In order to extend the project out to a fully-fledged application, you can simply add services and cshtml pages. So long as you pay attention to the structure and match how you would extend an ASP.NET Core application, you should be in good standing. You can add references to external libraries via NuGet, most of which will just work. However, you should keep in mind that every time you add a package that increases the size of the payload, that needs to make it to the client. Since we’re at near 2MB for the base package, every little bit more than you have to download hurts all that much more.
Obviously, there are some limitations to what you can do inside a browser. Everything that is run in Wasm is run inside of the JavaScript sandbox, which means that you can’t directly access things like a disk or the network. So a lot of functionality like using SQLClient to talk directly to a database won’t work (also that’s a terrible idea anyway). Libraries may contain functionality that tries to write temp files too, which won’t work. Keep these limitations in mind when you’re planning how you test the application.
One of the really nice parts about Blazor and Wasm, in general, is that it is possible to interact with the JavaScript APIs. So if you want to do geolocation through the geolocation API you can install a package like Blazor.Geolocation (freshly updated for Blazor 0.7, BTW) and it will just work. The complex marshaling is done to map JavaScript and .NET data types back and forth is all done under the hood by Blazor. For the most part, you can easily call .NET methods from JavaScript and JavaScript methods from .NET code. Mind blown!
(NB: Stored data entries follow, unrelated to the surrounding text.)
lemma ineffable'_obtain_seq:
  fixes Col :: "'a set \<Rightarrow> 'c"
  assumes ine: "ineffable' L r" and reg: "regressive L r F"
    and V: "finite V" and Col: "\<And>A. Col A \<in> V"
  obtains s :: "nat \<Rightarrow> 'a" and c where "monotone (<) (rless r) s"
    "\<And>X. X \<in> Sk L UNIV \<Longrightarrow> F (s ` X) = c"
    "\<And>X X'. X \<in> Sk L UNIV \<Longrightarrow> X' \<in> Sk L UNIV \<Longrightarrow> Col (s ` X) = Col (s ` X')"
proof -
  obtain s :: "nat \<Rightarrow> 'a" and c where s: "monotone (<) (rless r) s"
    and c: "\<forall>X\<in>Sk L UNIV. F (s ` X) = c"
    using ineffable'_obtain_constant_seq[OF ine reg] by blast
  obtain g :: "nat \<Rightarrow> nat" where g: "strict_mono g"
    and ramsey: "\<forall>X\<in>Sk L UNIV. \<forall>X'\<in>Sk L UNIV. Col (s ` g ` X) = Col (s ` g ` X')"
    using ramsey_obtain_strict_mono[where F = "\<lambda>X. Col (s ` X)", OF V] Col by blast
  have "monotone (<) (rless r) (s \<circ> g)"
    by (rule monotoneI) (simp add: monotoneD[OF s] strict_monoD[OF g])
  moreover have "g ` X \<in> Sk L UNIV" if "X \<in> Sk L UNIV" for X
    using strict_mono_imp_inj_on[OF g] that unfolding Sk_def by (auto simp: card_image inj_on_subset)
  ultimately show ?thesis
    using that[of "s \<circ> g" c] c ramsey unfolding image_comp[symmetric] by blast
qed

lemma ineffable'_obtain_coord_homogeneous_seq:
  assumes ine: "ineffable' (2 * k) r" and k: "k > 0"
    and ft: "\<forall>x\<in>tuples (Field r) k. f x \<in> tuples (Field r) k"
  obtains s :: "nat \<Rightarrow> 'a" where "monotone (<) (rless r) s"
    "\<forall>m\<in>coord_indices k. homogeneous k (\<lambda>B. coord k r f m (s ` B)) UNIV"
proof -
  have wo: "Well_order r"
    using ine card_order_on_well_order_on unfolding ineffable'_def by blast
  let ?M = "coord_indices k" and ?d = "rmin r (Field r)"
  have "regressive (2 * k) r (inhomogeneous_value k ?M (coord k r f) ?d)"
    using regressive_inhomogeneous_coord[OF wo ft] k by simp
  then obtain s :: "nat \<Rightarrow> 'a" and c where s: "monotone (<) (rless r) s"
    and c: "\<And>X. X \<in> Sk (2 * k) UNIV \<Longrightarrow> inhomogeneous_value k ?M (coord k r f) ?d (s ` X) = c"
    and col: "\<And>X X'. X \<in> Sk (2 * k) UNIV \<Longrightarrow> X' \<in> Sk (2 * k) UNIV \<Longrightarrow>
      {m \<in> ?M. \<not> homogeneous k (coord k r f m) (s ` X)} =
      {m \<in> ?M. \<not> homogeneous k (coord k r f m) (s ` X')}"
    using ineffable'_obtain_seq[OF ine _ finite_Pow_iff[THEN iffD2, OF finite_coord_indices],
        of _ "\<lambda>A. {m \<in> ?M. \<not> homogeneous k (coord k r f m) A}"]
    by blast
  have inj: "inj s" using monotone_rless_inj[OF wo s] .
  have const: "inhomogeneous_value k ?M (\<lambda>m B. coord k r f m (s ` B)) ?d X = c"
    if "X \<in> Sk (2 * k) UNIV" for X
    using c[OF that] by (simp add: inhomogeneous_value_image[OF inj])
  have same: "{m \<in> ?M. \<not> homogeneous k (\<lambda>B. coord k r f m (s ` B)) X} =
      {m \<in> ?M. \<not> homogeneous k (\<lambda>B. coord k r f m (s ` B)) X'}"
    if "X \<in> Sk (2 * k) UNIV" "X' \<in> Sk (2 * k) UNIV" for X X'
    using col[OF that] by (simp add: homogeneous_image[OF inj])
  show ?thesis
    using that s homogeneous_if_inhomogeneous_value_constant[OF const same
        coord_initial_segment[OF wo s k]]
    by blast
qed

section \<open>Transfer to the function assignment\<close>

lemma set_subset_fld_graph_on:
  assumes "x \<in> C"
  shows "set x \<union> set (f x) \<subseteq> fld (graph_on C f)"
proof -
  have "(x, f x) \<in> graph_on C f" using assms unfolding graph_on_def by blast
  then show ?thesis unfolding fld_def by blast
qed

lemma order_iso_obtain_map:
  assumes "order_iso r C f A h"
  obtains \<phi> where "\<forall>x\<in>C. map \<phi> x \<in> A \<and> h (map \<phi> x) = map \<phi> (f x)"
    "\<forall>a\<in>fld (graph_on C f). \<forall>b\<in>fld (graph_on C f). rless r a b \<longleftrightarrow> \<phi> a < \<phi> b"
proof -
  obtain \<phi> where \<phi>: "\<forall>a\<in>fld (graph_on C f). \<forall>b\<in>fld (graph_on C f). rless r a b \<longleftrightarrow> \<phi> a < \<phi> b"
    and graph: "(\<lambda>(x, y). (map \<phi> x, map \<phi> y)) ` graph_on C f = graph_on A h"
    using assms unfolding order_iso_def rless_def by blast
  have "(map \<phi> x, map \<phi> (f x)) \<in> graph_on A h" if "x \<in> C" for x
    using graph that unfolding graph_on_def by force
  then have "\<forall>x\<in>C. map \<phi> x \<in> A \<and> h (map \<phi> x) = map \<phi> (f x)"
    unfolding graph_on_def by auto
  then show ?thesis using that \<phi> by blast
qed

lemma Max_map_less_Min_map_iff:
  assumes \<phi>: "\<forall>a\<in>X. \<forall>b\<in>X. rless r a b \<longleftrightarrow> \<phi> a < (\<phi> b :: nat)"
    and "set ys \<subseteq> X" "set xs \<subseteq> X" "ys \<noteq> []" "xs \<noteq> []"
  shows "Max (set (map \<phi> ys)) < Min (set (map \<phi> xs)) \<longleftrightarrow> rbelow r (set ys) (set xs)"
  using assms by (auto simp: Max_less_iff Min_gr_iff rbelow_def subset_iff)

lemma card_regvals_le_ot:
  assumes "\<forall>x\<in>tuples E k. \<forall>y\<in>tuples E k. order_pattern k x = order_pattern k y \<longrightarrow>
    Max (set (F x)) < Min (set x) \<longrightarrow> Max (set (F y)) < Min (set y) \<longrightarrow> F x = F y"
  shows "card (regvals F (tuples E k)) \<le> ot k"
proof -
  define R where "R = {x \<in> tuples E k. Max (set (F x)) < Min (set x)}"
  define pick where "pick P = (SOME x. x \<in> R \<and> order_pattern k x = P)" for P
  have "F x = F (pick (order_pattern k x))" if "x \<in> R" for x
    using assms someI[of "\<lambda>y. y \<in> R \<and> order_pattern k y = order_pattern k x" x] that
    unfolding R_def pick_def by auto
  then have "regvals F (tuples E k) \<subseteq> (F \<circ> pick) ` order_pattern k ` R"
    unfolding regvals_def R_def by auto
  moreover have finite: "finite (order_pattern k ` tuples UNIV k)"
    by (rule finite_subset[of _ "Pow ({..<k} \<times> {..<k})"]) (auto simp: order_pattern_def)
  moreover have "order_pattern k ` R \<subseteq> order_pattern k ` tuples UNIV k"
    unfolding R_def tuples_def by auto
  ultimately have "card (regvals F (tuples E k)) \<le> card (order_pattern k ` tuples UNIV k)"
    by (meson card_image_le card_mono finite_imageI finite_subset order_trans)
  then show ?thesis unfolding ot_def .
qed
In the example of Blazor.Geolocation to get the location information from the browser’s JavaScript context, you need only inject a location service into your cshtml and run
location = await locationService.GetLocationAsync();
The package takes care of dealing with the asynchronous nature of getting the location information from the browser. Other JavaScript APIs can be similarly wrapped.
You can read about how to interop with JavaScript in great detail in the Blazor documentation.
The debugging story isn’t fantastic at the moment. With server-side Blazor, everything is F5-debuggable in Visual Studio, but once you come over to client-side, the debugging story isn’t fully fleshed out. The sources tab in Chrome contains a baffling array of files and Wasm functions, which cannot be easily debugged at this juncture. Eventually, there may be source mapping support for all this and the experience should be much better. However, for the time being, the compiler is not able to output maps.
Network traffic can be debugged just as you would any other network traffic, for instance in Prefix. Equally, the server side remains a standard ASP.NET Core application, so it can benefit from instrumentation with Retrace or Prefix. In that regard, at least the debugging and analytics story is quite good.
Only fools make statements about the future, so here I go: I think that WebAssembly has a bright future. Unlocking web development for a myriad of languages and programming paradigms will result in some quite interesting new frameworks. The speed of WebAssembly is also promising for all manner of code from games to AI.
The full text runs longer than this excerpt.